_Collected data_.
:::

lemma has_vector_derivative_vertical_geodesic:
  "((\<lambda>t. \<i> * of_real (exp t)) has_vector_derivative \<i> * of_real (exp t)) (at t)"
  by (auto intro!: derivative_eq_intros simp: has_real_derivative_iff_has_vector_derivative[symmetric])

lemma geo_flow_base_has_vector_derivative:
  assumes "v \<in> T1H"
  shows "((\<lambda>t. fst (geo_flow t v)) has_vector_derivative snd (geo_flow t v)) (at t)"
proof -
  obtain a b c d where g: "frame v = (a, b, c, d)" by (cases "frame v")
  have det: "a * d - b * c = 1" using frame(1)[OF assms] g by (simp add: SL2R_def)
  have "of_real c * (\<i> * of_real (exp t)) + of_real d \<noteq> 0"
    by (rule mob_denom_nonzero[OF det]) simp
  from field_vector_diff_chain_at[OF has_vector_derivative_vertical_geodesic
      mob_has_field_derivative[OF det this]]
  show ?thesis by (simp add: geo_flow_frame g push_def o_def mult.commute)
qed

lemma geo_flow_differentiable:
  assumes "v \<in> T1H"
  shows "(\<lambda>t. geo_flow t v) differentiable at t"
proof -
  obtain a b c d where g: "frame v = (a, b, c, d)" by (cases "frame v")
  have det: "a * d - b * c = 1" using frame(1)[OF assms] g by (simp add: SL2R_def)
  let ?z = "\<i> * of_real (exp t)"
  have "of_real c * ?z + of_real d \<noteq> 0" by (rule mob_denom_nonzero[OF det]) simp
  hence "\<exists>D. ((\<lambda>z. mob_deriv (a, b, c, d) z * z) has_field_derivative D) (at ?z)"
    by (auto intro!: derivative_eq_intros)
  then obtain D where "((\<lambda>z. mob_deriv (a, b, c, d) z * z) has_field_derivative D) (at ?z)" ..
  from field_vector_diff_chain_at[OF has_vector_derivative_vertical_geodesic this]
  have "(\<lambda>t. snd (geo_flow t v)) differentiable at t"
    by (auto intro: differentiableI_vector simp: geo_flow_frame g push_def o_def)
  moreover have "(\<lambda>t. fst (geo_flow t v)) differentiable at t"
    using differentiableI_vector[OF geo_flow_base_has_vector_derivative[OF assms]] .
  ultimately show ?thesis using differentiable_Pair by fastforce
qed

:::

_TASK TO COMPLETE_. Your answer must be a copy of every line in the data above that holds the string "using".

_EXERCISE ANSWER_.
  have det: "a * d - b * c = 1" using frame(1)[OF assms] g by (simp add: SL2R_def)
  have det: "a * d - b * c = 1" using frame(1)[OF assms] g by (simp add: SL2R_def)
    using differentiableI_vector[OF geo_flow_base_has_vector_derivative[OF assms]] .
  ultimately show ?thesis using differentiable_Pair by fastforce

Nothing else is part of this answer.